BMDFM (Binary Modular DataFlow Machine) is software, which enables running an application in parallel on shared memory symmetric multiprocessors (SMP) using the multiple processor cores to speed up the execution of single applications.
BMDFM automatically identifies and exploits parallelism due to the static and mainly DYNAMIC SCHEDULING of the data flow instruction sequences derived from the formerly sequential program ensuring unique parallel correctness. No directives for parallel execution are required! No highly knowledgeable parallel programmers are required!
A user understands BMDFM as a virtual machine, which runs every statement of an application program in parallel having all parallelization and synchronization mechanisms fully transparent. The statements of an application program are normal operators, which any singlethreaded program might consist of - they are variable assignments, conditional executions, loops, function calls, etc. BMDFM has a rich set of standard operators/functions, which can be extended by user functions written in C/C++.
In comparison with the recent general methodology of sequential code parallelization, which is based on static analysis, BMDFM uses dynamic scheduling to define and to run code fragments in parallel. It means that data computed at run time will define further branches for parallel processing (DataFlow principle). It also means that loops of an application program will be dynamically unrolled to process several iterations in parallel.
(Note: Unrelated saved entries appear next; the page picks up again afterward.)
theorem mainTheorem2:
  fixes G :: "real ^ 'n::finite ^ 'n" and g bstar bhat :: "real ^ 'n"
    and w :: "'n \<Rightarrow> real" and lam alpha tau :: real and k :: nat
  assumes sym: "transpose G = G"
    and psd: "\<forall>x. quadform G x \<ge> 0"
    and k_def: "k = card (supp bstar)"
    and Jc: "supp bstar \<noteq> UNIV"
    and w_nonneg: "\<forall>j. w j \<ge> 0"
    and w_min: "Min (w ` (- supp bstar)) = 1"
    and lam_pos: "lam > 0"
    and minimizer: "\<forall>b. lasso_obj G g w lam bhat \<le> lasso_obj G g w lam b"
    and noise: "norminf (g - G *v bstar) \<le> lam / 4"
    and alpha_pos: "alpha > 0" and tau_nonneg: "tau \<ge> 0"
    and RE: "\<forall>\<theta>. quadform G \<theta> \<ge> alpha * (norm \<theta>)\<^sup>2 - tau * (norm1 \<theta>)\<^sup>2"
    and cond: "4 * (1 + (if supp bstar = {} then 0 else Max (w ` supp bstar)))\<^sup>2 * real k * tau \<le> alpha / 2"
  shows "let r = (if supp bstar = {} then 0 else Max (w ` supp bstar)) in
     norm (bhat - bstar) \<le> (1 + 2 * r) / alpha * sqrt (real k) * lam
   \<and> norm1 (bhat - bstar) \<le> (2 + 6 * r + 4 * r\<^sup>2) / alpha * real k * lam
   \<and> quadform G (bhat - bstar) \<le> (1 + 2 * r)\<^sup>2 / (2 * alpha) * real k * lam\<^sup>2
   \<and> (supp bstar \<noteq> {} \<longrightarrow>
        real (card (supp bstar - supp bhat))
          \<le> (2 + 6 * r + 4 * r\<^sup>2) / (Min ((\<lambda>j. \<bar>bstar $ j\<bar>) ` supp bstar) * alpha) * real k * lam)
   \<and> real (card (supp (\<chi> j. if \<bar>bhat $ j\<bar> > lam then bhat $ j else 0) - supp bstar))
        \<le> (1 + 2 * r)\<^sup>2 * real k / alpha"
proof -
  define J where "J = supp bstar"
  define r where "r = (if J = {} then 0 else Max (w ` J))"
  have "\<forall>j\<in>J. w j \<le> r" "\<forall>j\<in>-J. w j \<ge> 1" "supp bstar \<subseteq> J"
    using w_min unfolding r_def J_def by (auto simp flip: w_min intro: Min_le)
  moreover have "r \<ge> 0"
    using w_nonneg unfolding r_def by (auto intro: order_trans[OF _ Max_ge])
  ultimately interpret lasso_deterministic G g bstar bhat w lam r J
    using sym psd minimizer noise lam_pos w_nonneg by unfold_locales auto
  have small: "4 * (1 + r)\<^sup>2 * real (card J) * tau \<le> alpha / 2"
    using cond unfolding r_def J_def k_def .
  note bounds = l2_error_bound l1_error_bound prediction_error_bound off_support_error_bound
  note bounds = bounds[OF alpha_pos tau_nonneg RE small, unfolded J_def k_def[symmetric]]
  have lost: "real (card (supp bstar - supp bhat))
      \<le> (2 + 6 * r + 4 * r\<^sup>2) / (Min ((\<lambda>j. \<bar>bstar $ j\<bar>) ` supp bstar) * alpha) * real k * lam"
    if "supp bstar \<noteq> {}"
  proof -
    have "Min ((\<lambda>j. \<bar>bstar $ j\<bar>) ` supp bstar) > 0"
      using that by (subst Min_gr_iff) (auto simp: supp_def)
    then show ?thesis
      using order_trans[OF card_supp_diff_mult_le_norm1 bounds(2)] alpha_pos
      by (simp add: pos_le_divide_eq field_simps)
  qed
  have "real (card (supp (\<chi> j. if \<bar>bhat $ j\<bar> > lam then bhat $ j else 0) - supp bstar)) * lam
      \<le> (1 + 2 * r)\<^sup>2 * real k / alpha * lam"
    using order_trans[OF card_threshold_supp_diff_mult_le bounds(4)] by simp
  then have spurious: "real (card (supp (\<chi> j. if \<bar>bhat $ j\<bar> > lam then bhat $ j else 0) - supp bstar))
      \<le> (1 + 2 * r)\<^sup>2 * real k / alpha"
    using lam_pos by (rule mult_right_le_imp_le)
  show ?thesis
    using bounds lost spurious unfolding r_def J_def Let_def by simp
qed

end
text \<open>Each colour, and hence the model, is a Lipschitz function of the pairwise distances
  \<open>\<parallel>x\<^sub>i - x\<^sub>j\<parallel>\<close>. Let \<open>Y\<close> be the collinear configuration with one point at \<open>e\<^sub>1\<close>, one at
  \<open>0\<close> and all others at \<open>-e\<^sub>1\<close>, and let \<open>X\<^sub>\<epsilon>\<close> be \<open>Y\<close> with the point at \<open>0\<close> lifted to \<open>\<epsilon> e\<^sub>2\<close>.
  The lift changes every pairwise distance by at most \<open>sqrt (1 + \<epsilon>\<^sup>2) - 1 \<le> \<epsilon>\<^sup>2\<close>, so the
  outputs on \<open>X\<^sub>\<epsilon>\<close> and \<open>Y\<close> differ by \<open>O(\<epsilon>\<^sup>2)\<close>. On the other hand every linear image of
  \<open>Y\<close>, in particular every rigid motion, is still collinear, whereas three of the points of
  \<open>X\<^sub>\<epsilon>\<close> form a triangle of height \<open>\<epsilon>\<close>; projecting onto the normal of the line shows that
  the Procrustes distance is at least \<open>\<epsilon>/4\<close>. Letting \<open>\<epsilon> \<rightarrow> 0\<close> rules out a lower Lipschitz
  bound.\<close>

lemma sum_list_squared_diffs_nonneg: "0 \<le> sum_list (map (\<lambda>(a, b). (a - b :: real)\<^sup>2) (zip u v))"
  by (rule sum_list_nonneg) auto

lemma ldist_nonneg: "0 \<le> ldist u v"
  by (simp add: ldist_def sum_list_squared_diffs_nonneg)

lemma ldist_squared: "(ldist u v)\<^sup>2 = sum_list (map (\<lambda>(a, b). (a - b)\<^sup>2) (zip u v))"
  by (simp add: ldist_def sum_list_squared_diffs_nonneg)

lemma ldist_self [simp]: "ldist u u = 0"
  unfolding ldist_def by (induction u) auto

lemma ldist_singleton [simp]: "ldist [x] [y] = \<bar>x - y\<bar>"
  by (simp add: ldist_def)

lemma ldist_append:
  assumes "length a = length c"
  shows "ldist (a @ b) (c @ d) = sqrt ((ldist a c)\<^sup>2 + (ldist b d)\<^sup>2)"
  using assms by (simp add: ldist_squared) (simp add: ldist_def zip_append)

lemma ldist_append_le:
  assumes "length a = length c"
  shows "ldist (a @ b) (c @ d) \<le> ldist a c + ldist b d"
  using sqrt_sum_squares_le_sum_abs[of "ldist a c" "ldist b d"]
  by (simp add: ldist_append[OF assms] ldist_nonneg)

lemma mat_dist_eq_L2_set: "mat_dist M N = L2_set (\<lambda>j. ldist (M j) (N j)) UNIV"
  by (simp add: mat_dist_def L2_set_def ldist_squared)

lemma mat_dist_le_sum_ldist: "mat_dist M N \<le> (\<Sum>j\<in>UNIV. ldist (M j) (N j))"
  unfolding mat_dist_eq_L2_set by (rule L2_set_le_sum) (simp add: ldist_nonneg)
theorem lemma3p2:
  fixes m0 \<beta> x y :: real and \<mu> \<nu> :: "real measure"
    and M :: "'a measure" and U V W :: "nat \<Rightarrow> 'a \<Rightarrow> real" and Zinf :: "'a \<Rightarrow> real"
  assumes "0 < m0" and "m0 \<le> \<beta>"
    and P: "in_P m0 \<beta> \<mu> \<nu>"
    and S: "x \<ge> 0" "y \<ge> 0" "(x, y) \<noteq> (0, 0)"
    and big: "x + y \<ge> 2 * \<beta>"
    and ps: "prob_space M"
    and U_indep: "prob_space.indep_vars M (\<lambda>_. borel) U UNIV"
    and U_unif: "\<And>n. distr M borel (U n) = uniform_measure lborel {0..1}"
    and VW_indep: "prob_space.indep_vars M (\<lambda>_. borel) (\<lambda>n \<omega>. (V n \<omega>, W n \<omega>)) UNIV"
    and VW_ident: "\<And>n. distr M borel (\<lambda>\<omega>. (V n \<omega>, W n \<omega>)) = distr M borel (\<lambda>\<omega>. (V 0 \<omega>, W 0 \<omega>))"
    and V_unif: "\<And>n. distr M borel (V n) = uniform_measure lborel {0..1}"
    and W_unif: "\<And>n. distr M borel (W n) = uniform_measure lborel {0..1}"
    and U_VW_indep: "prob_space.indep_var M
        (Pi\<^sub>M UNIV (\<lambda>_. borel :: (real \<times> real) measure)) (\<lambda>\<omega> n. (U n \<omega>, 0))
        (Pi\<^sub>M UNIV (\<lambda>_. borel :: (real \<times> real) measure)) (\<lambda>\<omega> n. (V n \<omega>, W n \<omega>))"
    and Zinf_meas: "Zinf \<in> borel_measurable M"
    and Zinf_lim: "AE \<omega> in M. (\<lambda>n. rru_Z \<mu> \<nu> x y (\<lambda>k. U k \<omega>) (\<lambda>k. V k \<omega>) (\<lambda>k. W k \<omega>) n)
                      \<longlonglongrightarrow> Zinf \<omega>"
  shows "wasserstein1 (distr M borel Zinf) (return borel (x / (x + y)))
           < ennreal (2 * sqrt (\<beta> / (x + y)))"
proof -
  interpret prob_space M by (rule ps)
  define \<xi> where "\<xi> = case_sum (\<lambda>k \<omega>. (U k \<omega>, 0::real)) (\<lambda>k \<omega>. (V k \<omega>, W k \<omega>))"
  have "indep_vars (\<lambda>_. borel) (\<lambda>k \<omega>. (U k \<omega>, 0::real)) UNIV"
    by (rule indep_vars_compose2[OF U_indep, of "\<lambda>_ u. (u, 0::real)", simplified]) simp
  then interpret urn_driver M m0 \<beta> \<mu> \<nu> \<xi>
    using P \<open>0 < m0\<close> indep_vars_case_sum[OF _ VW_indep U_VW_indep] U_unif V_unif W_unif
    by unfold_locales (simp_all add: \<xi>_def)
  have "0 < \<beta>" using assms(1,2) by linarith
  have "0 < x + y" using S by (cases "x = 0") auto
  have \<xi>_eq: "(\<lambda>i. \<xi> i \<omega>) = case_sum (\<lambda>k. (U k \<omega>, 0)) (\<lambda>k. (V k \<omega>, W k \<omega>))" for \<omega>
    by (rule ext) (simp add: \<xi>_def split: sum.split)
  have "AE \<omega> in M. (\<lambda>n. proportion x y n \<omega>) \<longlonglongrightarrow> Zinf \<omega>"
    using Zinf_lim AE_urn_state_quantile_eq[of x y]
    by eventually_elim (simp add: rru_Z_def rru_eq_urn_state \<xi>_eq split_beta)
  from nn_integral_sq_dist_limit_proportion_le[OF S(1,2) \<open>0 < x + y\<close> big this]
  have "(\<integral>\<^sup>+\<omega>. ennreal \<bar>Zinf \<omega> - x/(x+y)\<bar> \<partial>M) < ennreal (2 * sqrt (\<beta>/(x+y)))"
  proof (rule nn_integral_abs_less_of_sq[rotated])
    have "(2 * sqrt (\<beta>/(x+y)))^2 = 4 * (\<beta>/(x+y))"
      using \<open>0 < \<beta>\<close> \<open>0 < x + y\<close> by (simp add: power_mult_distrib)
    then show "3*\<beta>/(x+y) < (2 * sqrt (\<beta>/(x+y)))^2"
      using \<open>0 < \<beta>\<close> \<open>0 < x + y\<close> by (simp add: divide_strict_right_mono)
  qed (use Zinf_meas \<open>0 < \<beta>\<close> \<open>0 < x + y\<close> in auto)
  with wasserstein1_return_le[OF Zinf_meas] show ?thesis by (rule le_less_trans)
qed

end
(* Let $D$ be a squarefree integer and $q>3$ a prime not dividing $D$. Then $H_D^{(q)}\subset E^{(1)}(\mathbb{Q})$ depends only on the Legendre symbol $(D/q)$; denote it $H^{(q),(D/q)}$. Let $O_q$ be the order of the reduction of $P$ in $E^{(1)}(\mathbb{F}_q)$. Then there exist subsets $M_1^{(q)}$ and $M_{-1}^{(q)}$ of $\mathbb{Z}/O_q\mathbb{Z}$ such that $H^{(q),(D/q)}=\{kP : k\text{ odd and } k\equiv m\pmod{O_q}\text{ for some } m\in M_{(D/q)}^{(q)}\}$. Moreover, $1\in M_1^{(q)}$, and for $\varepsilon=\pm1$, if $k\in M_\varepsilon^{(q)}$ then $-k\in M_\varepsilon^{(q)}$.
   Context: $C_D\subset\mathbb{P}^4$ is the curve over $\mathbb{Q}$ given by $X_0^2-2X_1^2+X_2^2=0$, $X_1^2-2X_2^2+DX_3^2=0$, $X_2^2-2DX_3^2+X_4^2=0$, and $C_D(\mathbb{F}_q)$ the $\mathbb{F}_q$-points of its reduction. $E^{(1)}: y^2=x(x+2)(x+6)$, $P=(6,24)$, $H=\{kP: k\text{ odd}\}$, $\phi:C_D\to E^{(1)}$ is $\phi([x_0:\dots:x_4])=(6x_0^2/x_4^2,\,24x_0x_1x_2/x_4^3)$ with reduction $\phi_q$, $\mathrm{red}_q$ is reduction mod $q$ on $E^{(1)}(\mathbb{Q})$, and $H_D^{(q)}:=\{R\in H : \mathrm{red}_q(R)\in\phi_q(C_D(\mathbb{F}_q))\}$. *)

theory Defs
  imports "HOL-Number_Theory.Number_Theory" "HOL-Computational_Algebra.Squarefree"
begin

datatype 'a ecpt = Inf | Pt 'a 'a

definition on_E1 :: "rat ecpt \<Rightarrow> bool" where
  "on_E1 R = (case R of Inf \<Rightarrow> True | Pt x y \<Rightarrow> y^2 = x * (x + 2) * (x + 6))"

definition E1_neg :: "rat ecpt \<Rightarrow> rat ecpt" where
  "E1_neg R = (case R of Inf \<Rightarrow> Inf | Pt x y \<Rightarrow> Pt x (- y))"

text \<open>Chord-tangent group law on E1(Q) (a2 = 8, a4 = 12).\<close>
fun E1_add :: "rat ecpt \<Rightarrow> rat ecpt \<Rightarrow> rat ecpt" where
  "E1_add Inf R = R"
| "E1_add R Inf = R"
| "E1_add (Pt x1 y1) (Pt x2 y2) =
     (if x1 = x2 \<and> y1 + y2 = 0 then Inf
      else let l = (if x1 = x2 then (3 * x1^2 + 16 * x1 + 12) / (2 * y1)
                    else (y2 - y1) / (x2 - x1));
               x3 = l^2 - 8 - x1 - x2;
               y3 = - (y1 + l * (x3 - x1))
           in Pt x3 y3)"

definition E1_mul :: "int \<Rightarrow> rat ecpt \<Rightarrow> rat ecpt" where
  "E1_mul k R = (if 0 \<le> k then (E1_add R ^^ nat k) Inf
                 else E1_neg ((E1_add R ^^ nat (- k)) Inf))"

definition P0 :: "rat ecpt" where "P0 = Pt 6 24"

definition H :: "rat ecpt set" where
  "H = {E1_mul k P0 | k. odd k}"

text \<open>Arithmetic in F_q, elements represented by integers in {0..<q}.\<close>
definition inv_q :: "nat \<Rightarrow> int \<Rightarrow> int" where
  "inv_q q a = ((a mod int q) ^ (q - 2)) mod int q"

text \<open>Reduction mod q of a rational whose denominator is prime to q.\<close>
definition rat_red :: "nat \<Rightarrow> rat \<Rightarrow> int" where
  "rat_red q r = (case quotient_of r of (a, b) \<Rightarrow> (a * inv_q q b) mod int q)"

definition red_q :: "nat \<Rightarrow> rat ecpt \<Rightarrow> int ecpt" where
  "red_q q R = (case R of Inf \<Rightarrow> Inf
     | Pt x y \<Rightarrow> (if int q dvd snd (quotient_of x) then Inf
                  else Pt (rat_red q x) (rat_red q y)))"

fun E1q_add :: "nat \<Rightarrow> int ecpt \<Rightarrow> int ecpt \<Rightarrow> int ecpt" where
  "E1q_add q Inf R = R"
| "E1q_add q R Inf = R"
| "E1q_add q (Pt x1 y1) (Pt x2 y2) =
     (if x1 mod int q = x2 mod int q \<and> (y1 + y2) mod int q = 0 then Inf
      else let l = (if x1 mod int q = x2 mod int q
                    then ((3 * x1^2 + 16 * x1 + 12) * inv_q q (2 * y1)) mod int q
                    else ((y2 - y1) * inv_q q (x2 - x1)) mod int q);
               x3 = (l^2 - 8 - x1 - x2) mod int q;
               y3 = (- (y1 + l * (x3 - x1))) mod int q
           in Pt x3 y3)"

definition E1q_order :: "nat \<Rightarrow> int ecpt \<Rightarrow> nat" where
  "E1q_order q R = (LEAST n. 0 < n \<and> (E1q_add q R ^^ n) Inf = Inf)"
lemma running_value_Yset:
  assumes Y: "\<omega> \<in> Yset Xs Ai"
    and admissible: "\<forall>j x a. \<omega> j = (Some x, Some a) \<longrightarrow> (x, a) \<in> Ki"
    and ci_nonneg: "\<forall>(x, a)\<in>Ki. 0 \<le> ci x a"
    and U_bounds: "\<forall>x\<in>Xs. 0 \<le> U x \<and> U x \<le> C"
  shows "0 \<le> U (xbar \<omega>) + Ci ci \<omega>"
    and "eventually (\<lambda>n. running_value U Ki ci n \<omega> = ennreal (U (xbar \<omega>) + Ci ci \<omega>)) sequentially"
    and "running_value U Ki ci n \<omega> \<le> ennreal (U (xbar \<omega>) + Ci ci \<omega>) + ennreal C"
proof -
  define k where "k = ystop \<omega>"
  define c where "c j = ci (the (fst (\<omega> j))) (the (snd (\<omega> j)))" for j
  obtain impulses: "\<forall>j<k. \<exists>x a. \<omega> j = (Some x, Some a) \<and> x \<in> Xs \<and> a \<in> Ai"
    and stop: "\<omega> k = (Some (xbar \<omega>), None)" "xbar \<omega> \<in> Xs"
    using Y unfolding k_def by (rule YsetE)
  have value_eq: "running_value U Ki ci m \<omega> = ennreal (\<Sum>j<min m k. c j) + opt_value U (fst (\<omega> (min m k)))" for m
    unfolding k_def c_def by (rule running_value_Yset_eq[OF Y admissible ci_nonneg])
  have Ci: "Ci ci \<omega> = (\<Sum>j<k. c j)"
    by (simp add: Ci_def c_def k_def)
  have "0 \<le> c j" if "j < k" for j
    using impulses admissible ci_nonneg that by (fastforce simp: c_def)
  then have c_sum: "0 \<le> (\<Sum>j<m. c j)" "(\<Sum>j<m. c j) \<le> (\<Sum>j<k. c j)" if "m \<le> k" for m
    using that by (auto intro!: sum_nonneg sum_mono2)
  show "0 \<le> U (xbar \<omega>) + Ci ci \<omega>"
    using U_bounds stop c_sum[of k] by (simp add: Ci)
  show "eventually (\<lambda>n. running_value U Ki ci n \<omega> = ennreal (U (xbar \<omega>) + Ci ci \<omega>)) sequentially"
    unfolding eventually_sequentially
  proof (intro exI allI impI)
    fix m assume "k \<le> m"
    then show "running_value U Ki ci m \<omega> = ennreal (U (xbar \<omega>) + Ci ci \<omega>)"
      using U_bounds stop c_sum[of k] by (simp add: value_eq Ci min_absorb2 add.commute)
  qed
  have "opt_value U (fst (\<omega> (min n k))) \<le> ennreal C"
  proof (cases "n < k")
    case True
    with impulses U_bounds show ?thesis by (fastforce intro: ennreal_leI)
  qed (use stop U_bounds in \<open>auto simp: min_absorb2 intro: ennreal_leI\<close>)
  then have "running_value U Ki ci n \<omega> \<le> ennreal (\<Sum>j<k. c j) + ennreal C"
    unfolding value_eq using c_sum[of "min n k"] by (intro add_mono ennreal_leI) auto
  also have "\<dots> \<le> ennreal (U (xbar \<omega>) + Ci ci \<omega>) + ennreal C"
    using U_bounds stop by (intro add_mono ennreal_leI) (auto simp: Ci)
  finally show "running_value U Ki ci n \<omega> \<le> ennreal (U (xbar \<omega>) + Ci ci \<omega>) + ennreal C" .
qed

section \<open>Expected value of a randomized intervention\<close>

locale impulse_supersolution = strategic_measure_kernel +
  fixes U and ci and C :: real
  assumes Y_full: "emeasure P (Yset Xs Ai) = 1"
    and initial_state: "z \<in> Xs"
    and U_meas: "U \<in> borel_measurable (XM Xs)"
    and U_bounds: "\<forall>x\<in>Xs. 0 \<le> U x \<and> U x \<le> C"
    and ci_meas: "(\<lambda>p. ci (fst p) (snd p)) \<in> borel_measurable (restrict_space borel (Kset Xs Aix))"
    and ci_nonneg: "\<forall>(x, a)\<in>Kset Xs Aix. 0 \<le> ci x a"
    and impulse_ineq: "\<forall>(x, a)\<in>Kset Xs Aix. U x \<le> (\<integral>u. U u \<partial>Q x a) + ci x a"
begin

abbreviation "Z n \<equiv> running_value U Ki ci n"

lemma measurable_Z: "Z n \<in> borel_measurable P"
  using measurable_running_value[OF Ki_borel ci_meas U_meas] by (simp add: measurable_P_iff)

lemma continue_value_le_transition:
  assumes admissible: "\<forall>x a. p = (Some x, Some a) \<longrightarrow> (x, a) \<in> Ki"
  shows "continue_value U p \<le> impulse_cost Ki ci p
      + ennreal (of_bool (snd p \<noteq> None)) * (\<integral>\<^sup>+u. opt_value U u \<partial>imp_trans Xs Ki Q p)"
proof (cases "\<exists>x a. p = (Some x, Some a)")
  case True
  then obtain x a where p: "p = (Some x, Some a)" by blast
  with admissible have K: "(x, a) \<in> Ki" by blast
  interpret Q: prob_space "Q x a" using Q_prob K by auto
  have U_Q: "U \<in> borel_measurable (Q x a)"
    using U_meas measurable_cong_sets[OF kernel_on_sets[OF Q_kernel K] refl] by blast
  have U_Q_bounds: "AE u in Q x a. 0 \<le> U u \<and> U u \<le> C"
    using U_bounds kernel_on_space[OF Q_kernel K] by (auto intro!: AE_I2)
  have "(\<integral>\<^sup>+u. opt_value U u \<partial>imp_trans Xs Ki Q p) = (\<integral>\<^sup>+u. ennreal (U u) \<partial>Q x a)"
    using K measurable_opt_value[OF U_meas]
    by (simp add: p imp_trans_def nn_integral_distr[OF measurable_Some_kernel[OF Q_kernel K]])
  also have "\<dots> = ennreal (\<integral>u. U u \<partial>Q x a)"
    using U_Q U_Q_bounds by (intro nn_integral_eq_integral Q.integrable_const_bound[where B=C]) auto
  finally have "(\<integral>\<^sup>+u. opt_value U u \<partial>imp_trans Xs Ki Q p) = ennreal (\<integral>u. U u \<partial>Q x a)" .
  moreover have "0 \<le> (\<integral>u. U u \<partial>Q x a)"
    using U_Q_bounds by (intro integral_nonneg_AE) auto
  moreover have "0 \<le> ci x a"
    using ci_nonneg K by auto
  moreover have "U x \<le> (\<integral>u. U u \<partial>Q x a) + ci x a"
    using impulse_ineq K by auto
  then have "ennreal (U x) \<le> ennreal (ci x a + (\<integral>u. U u \<partial>Q x a))"
    by (intro ennreal_leI) linarith
  ultimately show ?thesis
    using K by (simp add: p continue_value_def impulse_cost_def)
next
  case False
  then have "continue_value U p = 0"
    by (cases p) (auto simp: continue_value_def split: option.splits)
  then show ?thesis by simp
qed

lemma nn_integral_continue_value_le:
  "(\<integral>\<^sup>+\<omega>. continue_value U (\<omega> n) \<partial>P)
    \<le> (\<integral>\<^sup>+\<omega>. impulse_cost Ki ci (\<omega> n) \<partial>P) + (\<integral>\<^sup>+\<omega>. opt_value U (fst (\<omega> (Suc n))) \<partial>P)"
proof -
  define T where "T \<omega> = (\<integral>\<^sup>+u. opt_value U u \<partial>transition n \<omega>)" for \<omega>
  have active: "(\<lambda>\<omega>. of_bool (snd (\<omega> n) \<noteq> None) :: real) \<in> borel_measurable P"
    by (rule measurable_compose[OF pred_active measurable_of_bool])
  have cost: "(\<lambda>\<omega>. impulse_cost Ki ci (\<omega> n)) \<in> borel_measurable P"
    by (rule measurable_compose[OF measurable_step measurable_impulse_cost[OF Ki_borel ci_meas]])
  have T: "T \<in> borel_measurable P"
    unfolding T_def by (rule measurable_compose[OF measurable_transition
          nn_integral_measurable_subprob_algebra[OF measurable_opt_value[OF U_meas]]])
  have "(\<integral>\<^sup>+\<omega>. continue_value U (\<omega> n) \<partial>P)
      \<le> (\<integral>\<^sup>+\<omega>. impulse_cost Ki ci (\<omega> n) + ennreal (of_bool (snd (\<omega> n) \<noteq> None)) * T \<omega> \<partial>P)"
    using AE_admissible_impulse[of n]
    by (intro nn_integral_mono_AE) (auto simp: T_def elim!: eventually_mono
        intro: order_trans[OF continue_value_le_transition])
  also have "\<dots> = (\<integral>\<^sup>+\<omega>. impulse_cost Ki ci (\<omega> n) \<partial>P)
      + (\<integral>\<^sup>+\<omega>. ennreal (of_bool (snd (\<omega> n) \<noteq> None)) * T \<omega> \<partial>P)"
    using cost T measurable_compose[OF active measurable_ennreal]
    by (intro nn_integral_add borel_measurable_times_ennreal) auto
  also have "(\<integral>\<^sup>+\<omega>. ennreal (of_bool (snd (\<omega> n) \<noteq> None)) * T \<omega> \<partial>P)
      = (\<integral>\<^sup>+\<omega>. ennreal (of_bool (snd (\<omega> n) \<noteq> None)) * opt_value U (fst (\<omega> (Suc n))) \<partial>P)"
    unfolding T_def
    by (rule nn_integral_next_state[OF active _ _ measurable_opt_value[OF U_meas], symmetric]) auto
  also have "\<dots> \<le> (\<integral>\<^sup>+\<omega>. opt_value U (fst (\<omega> (Suc n))) \<partial>P)"
    by (intro nn_integral_mono) simp
  finally show ?thesis
    by (simp add: add_left_mono)
qed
Which granularity of parallelism is used in BMDFM?
BMDFM exploits fine-grain parallelism. All instructions of an application will be processed in parallel. In addition, it is possible to exploit coarse-grain parallelism that will decrease costs spent on dynamic scheduling. In order to achieve this a portion of C code can be defined as a user function, which will be treated by the dynamic scheduler as one seamless instruction.
Every machine supporting ANSI C and POSIX/SVR4-IPC may run BMDFM.
Obviously, BMDFM is able to accelerate the execution time of an application only when installed on a multiprocessor computer implementing an SMP paradigm (hardware mapping of distributed memory into virtual shared memory, cache coherent non-uniform memory access ccNUMA, UMA!, etc.)
BMDFM is provided as compiled multi-threaded versions for:
and a limited single-threaded version for x86: Win/32.
A machine with one CPU can be used for development and test purposes only as it is not possible to get real acceleration on one CPU. But as soon the application program has reached a certain state of maturity it can be moved to BMDFM running on a wide range of multicore/many-core computers (from tiny embedded devices to multiprocessor big iron mainframes).